● Work request
Could you retype all of the data below exactly as given?

● Data provided
lemma abs_summable_has_sum_product:
  fixes p :: "'i \<Rightarrow> 'a::{real_normed_field,banach}" and q :: "'j \<Rightarrow> 'a"
  assumes p: "(\<lambda>k. norm (p k)) summable_on UNIV" and q: "(\<lambda>k. norm (q k)) summable_on UNIV"
  shows "((\<lambda>(i,j). p i * q j) has_sum (infsum p UNIV * infsum q UNIV)) UNIV"
proof -
  let ?P = "\<lambda>(i,j). p i * q j"
  have "(\<lambda>j. norm (?P (i, j))) summable_on UNIV" for i
    using summable_on_cmult_right[OF q] by (simp add: norm_mult)
  moreover have "(\<lambda>i. norm (infsum (\<lambda>j. norm (?P (i, j))) UNIV)) summable_on UNIV"
    using summable_on_cmult_left[OF p] by (simp add: norm_mult infsum_cmult_right' infsum_nonneg)
  ultimately have "(\<lambda>k. norm (?P k)) summable_on Sigma UNIV (\<lambda>_. UNIV)"
    using Infinite_Sum.abs_summable_on_Sigma_iff[of ?P UNIV "\<lambda>_. UNIV"] by blast
  then have sm: "?P summable_on Sigma UNIV (\<lambda>_. UNIV)"
    by (rule abs_summable_summable)
  have "infsum ?P (Sigma UNIV (\<lambda>_. UNIV)) = infsum (\<lambda>i. infsum (\<lambda>j. p i * q j) UNIV) UNIV"
    using infsum_Sigma_banach[OF sm] by simp
  also have "\<dots> = infsum p UNIV * infsum q UNIV"
    by (simp add: infsum_cmult_right' infsum_cmult_left')
  finally show ?thesis
    using has_sum_infsum[OF sm] by simp
qed

definition box4 :: "idx4 \<Rightarrow> idx4 set" where
  "box4 = (\<lambda>(a,b,e,d). {..a} \<times> {..b} \<times> {..e} \<times> {..d})"
definition sub4 :: "idx4 \<Rightarrow> idx4 \<Rightarrow> idx4" where
  "sub4 = (\<lambda>(a,b,e,d) (a',b',e',d'). (a-a',b-b',e-e',d-d'))"

lemma finite_box4 [simp]: "finite (box4 k)"
  by (cases k) (auto simp: box4_def)

lemma has_sum_cauchy_product4:
  fixes p q :: "idx4 \<Rightarrow> 'a::{real_normed_field,banach}"
  assumes p: "(\<lambda>k. norm (p k)) summable_on UNIV" and q: "(\<lambda>k. norm (q k)) summable_on UNIV"
  shows "((\<lambda>k. \<Sum>j\<in>box4 k. p j * q (sub4 k j)) has_sum (infsum p UNIV * infsum q UNIV)) UNIV"
proof -
  let ?add4 = "\<lambda>(a,b,e,d) (a',b',e',d'). (a+a',b+b',e+e',d+d') :: idx4"
  have "((\<lambda>(k,j). p j * q (sub4 k j)) has_sum (infsum p UNIV * infsum q UNIV)) (Sigma UNIV box4)
     \<longleftrightarrow> ((\<lambda>(i,j). p i * q j) has_sum (infsum p UNIV * infsum q UNIV)) UNIV"
    by (rule has_sum_reindex_bij_witness[where i="\<lambda>(i,j). (?add4 i j, i)" and j="\<lambda>(k,j). (j, sub4 k j)"])
       (auto simp: box4_def sub4_def)
  then have "((\<lambda>(k,j). p j * q (sub4 k j)) has_sum (infsum p UNIV * infsum q UNIV)) (Sigma UNIV box4)"
    using abs_summable_has_sum_product[OF p q] by simp
  then show ?thesis
    by (rule has_sum_SigmaD) (auto intro!: has_sum_finiteI)
qed

definition cauchy4 :: "coeffs4 \<Rightarrow> coeffs4 \<Rightarrow> coeffs4" where
  "cauchy4 c d = (\<lambda>a b e k. \<Sum>(a',b',e',k')\<in>box4 (a,b,e,k). c a' b' e' k' * d (a-a') (b-b') (e-e') (k-k'))"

● Response area
lemma abs_summable_has_sum_product:
  fixes p :: "'i \<Rightarrow> 'a::{real_normed_field,banach}" and q :: "'j \<Rightarrow> 'a"
  assumes p: "(\<lambda>k. norm (p k)) summable_on UNIV" and q: "(\<lambda>k. norm (q k)) summable_on UNIV"
  shows "((\<lambda>(i,j). p i * q j) has_sum (infsum p UNIV * infsum q UNIV)) UNIV"
proof -
  let ?P = "\<lambda>(i,j). p i * q j"
  have "(\<lambda>j. norm (?P (i, j))) summable_on UNIV" for i
    using summable_on_cmult_right[OF q] by (simp add: norm_mult)
  moreover have "(\<lambda>i. norm (infsum (\<lambda>j. norm (?P (i, j))) UNIV)) summable_on UNIV"
    using summable_on_cmult_left[OF p] by (simp add: norm_mult infsum_cmult_right' infsum_nonneg)
  ultimately have "(\<lambda>k. norm (?P k)) summable_on Sigma UNIV (\<lambda>_. UNIV)"
    using Infinite_Sum.abs_summable_on_Sigma_iff[of ?P UNIV "\<lambda>_. UNIV"] by blast
  then have sm: "?P summable_on Sigma UNIV (\<lambda>_. UNIV)"
    by (rule abs_summable_summable)
  have "infsum ?P (Sigma UNIV (\<lambda>_. UNIV)) = infsum (\<lambda>i. infsum (\<lambda>j. p i * q j) UNIV) UNIV"
    using infsum_Sigma_banach[OF sm] by simp
  also have "\<dots> = infsum p UNIV * infsum q UNIV"
    by (simp add: infsum_cmult_right' infsum_cmult_left')
  finally show ?thesis
    using has_sum_infsum[OF sm] by simp
qed

definition box4 :: "idx4 \<Rightarrow> idx4 set" where
  "box4 = (\<lambda>(a,b,e,d). {..a} \<times> {..b} \<times> {..e} \<times> {..d})"
definition sub4 :: "idx4 \<Rightarrow> idx4 \<Rightarrow> idx4" where
  "sub4 = (\<lambda>(a,b,e,d) (a',b',e',d'). (a-a',b-b',e-e',d-d'))"

lemma finite_box4 [simp]: "finite (box4 k)"
  by (cases k) (auto simp: box4_def)

lemma has_sum_cauchy_product4:
  fixes p q :: "idx4 \<Rightarrow> 'a::{real_normed_field,banach}"
  assumes p: "(\<lambda>k. norm (p k)) summable_on UNIV" and q: "(\<lambda>k. norm (q k)) summable_on UNIV"
  shows "((\<lambda>k. \<Sum>j\<in>box4 k. p j * q (sub4 k j)) has_sum (infsum p UNIV * infsum q UNIV)) UNIV"
proof -
  let ?add4 = "\<lambda>(a,b,e,d) (a',b',e',d'). (a+a',b+b',e+e',d+d') :: idx4"
  have "((\<lambda>(k,j). p j * q (sub4 k j)) has_sum (infsum p UNIV * infsum q UNIV)) (Sigma UNIV box4)
     \<longleftrightarrow> ((\<lambda>(i,j). p i * q j) has_sum (infsum p UNIV * infsum q UNIV)) UNIV"
    by (rule has_sum_reindex_bij_witness[where i="\<lambda>(i,j). (?add4 i j, i)" and j="\<lambda>(k,j). (j, sub4 k j)"])
       (auto simp: box4_def sub4_def)
  then have "((\<lambda>(k,j). p j * q (sub4 k j)) has_sum (infsum p UNIV * infsum q UNIV)) (Sigma UNIV box4)"
    using abs_summable_has_sum_product[OF p q] by simp
  then show ?thesis
    by (rule has_sum_SigmaD) (auto intro!: has_sum_finiteI)
qed

definition cauchy4 :: "coeffs4 \<Rightarrow> coeffs4 \<Rightarrow> coeffs4" where
  "cauchy4 c d = (\<lambda>a b e k. \<Sum>(a',b',e',k')\<in>box4 (a,b,e,k). c a' b' e' k' * d (a-a') (b-b') (e-e') (k-k'))"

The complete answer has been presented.